## DATA LISTING
·····

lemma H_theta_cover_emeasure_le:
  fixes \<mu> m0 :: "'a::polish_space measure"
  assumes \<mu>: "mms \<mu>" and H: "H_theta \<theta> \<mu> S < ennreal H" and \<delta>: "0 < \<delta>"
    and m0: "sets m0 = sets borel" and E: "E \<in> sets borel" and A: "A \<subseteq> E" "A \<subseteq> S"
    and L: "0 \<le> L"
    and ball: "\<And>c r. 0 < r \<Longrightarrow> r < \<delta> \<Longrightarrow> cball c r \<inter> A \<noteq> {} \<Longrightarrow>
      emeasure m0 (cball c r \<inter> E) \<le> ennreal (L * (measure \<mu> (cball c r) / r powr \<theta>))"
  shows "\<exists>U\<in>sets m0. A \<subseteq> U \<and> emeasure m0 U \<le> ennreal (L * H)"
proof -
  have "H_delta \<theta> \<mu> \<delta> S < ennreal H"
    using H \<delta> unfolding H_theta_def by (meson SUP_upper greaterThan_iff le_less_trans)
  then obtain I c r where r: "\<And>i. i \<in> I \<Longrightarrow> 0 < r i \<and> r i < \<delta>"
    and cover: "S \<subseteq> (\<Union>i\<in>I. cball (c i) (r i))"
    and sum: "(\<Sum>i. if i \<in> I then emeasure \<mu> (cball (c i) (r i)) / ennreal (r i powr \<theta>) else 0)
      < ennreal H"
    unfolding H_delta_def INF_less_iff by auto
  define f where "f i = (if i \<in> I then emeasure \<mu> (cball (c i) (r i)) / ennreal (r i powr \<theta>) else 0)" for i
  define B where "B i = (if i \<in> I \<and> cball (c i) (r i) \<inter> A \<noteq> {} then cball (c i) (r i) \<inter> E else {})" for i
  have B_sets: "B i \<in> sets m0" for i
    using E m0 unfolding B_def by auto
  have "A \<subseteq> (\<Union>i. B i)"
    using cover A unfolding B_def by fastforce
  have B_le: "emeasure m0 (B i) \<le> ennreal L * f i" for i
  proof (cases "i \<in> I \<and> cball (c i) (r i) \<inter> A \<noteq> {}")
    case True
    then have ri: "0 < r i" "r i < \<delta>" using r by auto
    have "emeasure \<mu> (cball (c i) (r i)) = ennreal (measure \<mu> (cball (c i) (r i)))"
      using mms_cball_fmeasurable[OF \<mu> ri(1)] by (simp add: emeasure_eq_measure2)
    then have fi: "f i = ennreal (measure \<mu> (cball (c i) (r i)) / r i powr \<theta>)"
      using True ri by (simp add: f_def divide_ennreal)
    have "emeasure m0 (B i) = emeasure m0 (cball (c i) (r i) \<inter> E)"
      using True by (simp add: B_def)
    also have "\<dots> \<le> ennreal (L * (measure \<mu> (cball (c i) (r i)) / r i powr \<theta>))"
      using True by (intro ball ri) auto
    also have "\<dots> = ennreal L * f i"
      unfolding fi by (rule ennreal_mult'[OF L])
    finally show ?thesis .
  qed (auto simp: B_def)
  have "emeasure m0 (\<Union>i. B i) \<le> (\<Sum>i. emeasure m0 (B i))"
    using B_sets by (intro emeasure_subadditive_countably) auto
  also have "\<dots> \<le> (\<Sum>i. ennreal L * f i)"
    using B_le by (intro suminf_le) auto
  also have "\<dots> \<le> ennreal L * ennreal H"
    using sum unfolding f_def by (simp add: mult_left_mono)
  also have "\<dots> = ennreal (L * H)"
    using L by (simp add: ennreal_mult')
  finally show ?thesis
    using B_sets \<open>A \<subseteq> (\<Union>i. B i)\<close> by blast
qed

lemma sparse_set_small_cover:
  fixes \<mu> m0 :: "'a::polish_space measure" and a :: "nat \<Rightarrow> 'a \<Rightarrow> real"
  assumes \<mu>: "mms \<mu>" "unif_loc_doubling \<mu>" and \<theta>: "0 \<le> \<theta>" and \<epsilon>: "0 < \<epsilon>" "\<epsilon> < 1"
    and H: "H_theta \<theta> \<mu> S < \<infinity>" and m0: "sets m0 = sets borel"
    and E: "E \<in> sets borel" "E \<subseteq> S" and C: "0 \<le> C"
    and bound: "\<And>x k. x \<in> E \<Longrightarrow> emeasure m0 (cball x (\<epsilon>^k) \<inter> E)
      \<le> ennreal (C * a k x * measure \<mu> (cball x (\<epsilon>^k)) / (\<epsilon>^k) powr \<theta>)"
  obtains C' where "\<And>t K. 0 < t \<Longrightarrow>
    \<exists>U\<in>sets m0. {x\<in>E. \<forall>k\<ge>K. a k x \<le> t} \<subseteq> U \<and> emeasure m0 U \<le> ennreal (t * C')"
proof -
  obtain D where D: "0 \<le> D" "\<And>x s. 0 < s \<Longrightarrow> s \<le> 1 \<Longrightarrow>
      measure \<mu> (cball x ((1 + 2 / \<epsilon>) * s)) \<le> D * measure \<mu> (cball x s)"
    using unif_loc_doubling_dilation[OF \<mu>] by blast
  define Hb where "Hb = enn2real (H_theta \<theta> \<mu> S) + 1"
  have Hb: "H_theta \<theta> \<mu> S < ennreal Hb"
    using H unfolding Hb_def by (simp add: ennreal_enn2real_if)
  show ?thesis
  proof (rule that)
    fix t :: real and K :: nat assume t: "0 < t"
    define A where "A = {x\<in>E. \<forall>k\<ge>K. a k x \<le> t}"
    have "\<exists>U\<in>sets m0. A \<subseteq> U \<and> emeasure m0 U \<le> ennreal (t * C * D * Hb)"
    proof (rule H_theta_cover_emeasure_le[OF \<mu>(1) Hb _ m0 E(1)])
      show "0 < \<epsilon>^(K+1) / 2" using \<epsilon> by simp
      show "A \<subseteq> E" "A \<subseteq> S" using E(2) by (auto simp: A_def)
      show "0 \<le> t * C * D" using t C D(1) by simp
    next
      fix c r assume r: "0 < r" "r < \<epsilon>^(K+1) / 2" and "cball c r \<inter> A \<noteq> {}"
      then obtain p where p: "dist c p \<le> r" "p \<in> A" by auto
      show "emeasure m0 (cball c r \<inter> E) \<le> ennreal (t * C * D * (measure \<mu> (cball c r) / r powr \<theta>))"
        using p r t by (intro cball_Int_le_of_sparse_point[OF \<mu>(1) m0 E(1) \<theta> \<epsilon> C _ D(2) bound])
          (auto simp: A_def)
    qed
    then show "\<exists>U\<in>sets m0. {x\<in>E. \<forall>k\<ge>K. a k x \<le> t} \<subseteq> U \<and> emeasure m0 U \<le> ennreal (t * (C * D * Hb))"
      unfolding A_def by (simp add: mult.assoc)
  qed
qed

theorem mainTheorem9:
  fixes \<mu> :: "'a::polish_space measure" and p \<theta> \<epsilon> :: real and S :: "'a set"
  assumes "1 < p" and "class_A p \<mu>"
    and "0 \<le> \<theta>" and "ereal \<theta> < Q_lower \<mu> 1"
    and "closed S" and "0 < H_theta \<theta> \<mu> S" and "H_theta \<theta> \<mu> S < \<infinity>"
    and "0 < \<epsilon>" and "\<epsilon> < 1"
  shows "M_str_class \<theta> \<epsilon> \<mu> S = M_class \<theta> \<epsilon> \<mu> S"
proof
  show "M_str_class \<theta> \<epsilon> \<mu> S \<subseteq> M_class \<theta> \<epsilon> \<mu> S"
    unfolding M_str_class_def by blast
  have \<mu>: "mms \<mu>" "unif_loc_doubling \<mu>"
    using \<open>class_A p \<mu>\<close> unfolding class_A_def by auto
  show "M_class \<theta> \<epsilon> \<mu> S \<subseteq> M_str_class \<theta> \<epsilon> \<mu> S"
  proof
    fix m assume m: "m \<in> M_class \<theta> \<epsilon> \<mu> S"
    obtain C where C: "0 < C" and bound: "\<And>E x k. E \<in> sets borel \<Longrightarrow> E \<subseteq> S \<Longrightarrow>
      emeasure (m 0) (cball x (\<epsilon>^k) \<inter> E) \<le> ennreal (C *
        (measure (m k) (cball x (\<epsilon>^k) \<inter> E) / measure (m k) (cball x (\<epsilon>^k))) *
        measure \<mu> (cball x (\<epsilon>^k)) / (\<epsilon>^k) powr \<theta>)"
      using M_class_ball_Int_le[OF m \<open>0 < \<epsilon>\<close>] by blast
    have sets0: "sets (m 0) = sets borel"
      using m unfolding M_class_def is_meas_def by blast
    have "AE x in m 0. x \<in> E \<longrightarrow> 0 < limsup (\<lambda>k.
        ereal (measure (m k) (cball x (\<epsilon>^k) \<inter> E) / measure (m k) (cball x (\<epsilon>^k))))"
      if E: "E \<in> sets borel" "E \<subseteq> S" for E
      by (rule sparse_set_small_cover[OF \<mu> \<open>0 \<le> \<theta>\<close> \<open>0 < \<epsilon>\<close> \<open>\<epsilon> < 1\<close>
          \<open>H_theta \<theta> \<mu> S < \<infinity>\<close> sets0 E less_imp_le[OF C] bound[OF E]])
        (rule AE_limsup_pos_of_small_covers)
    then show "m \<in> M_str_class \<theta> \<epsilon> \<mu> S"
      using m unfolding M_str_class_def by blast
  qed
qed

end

·····

## TASK ITEM
Would you copy, unchanged, the stretch of the records above that begins at the line containing "using True ri" and ends at the line containing "using True by (simp add: B_def)", and only that?

## EXERCISE RESPONSE
      using True ri by (simp add: f_def divide_ennreal)
    have "emeasure m0 (B i) = emeasure m0 (cball (c i) (r i) \<inter> E)"
      using True by (simp add: B_def)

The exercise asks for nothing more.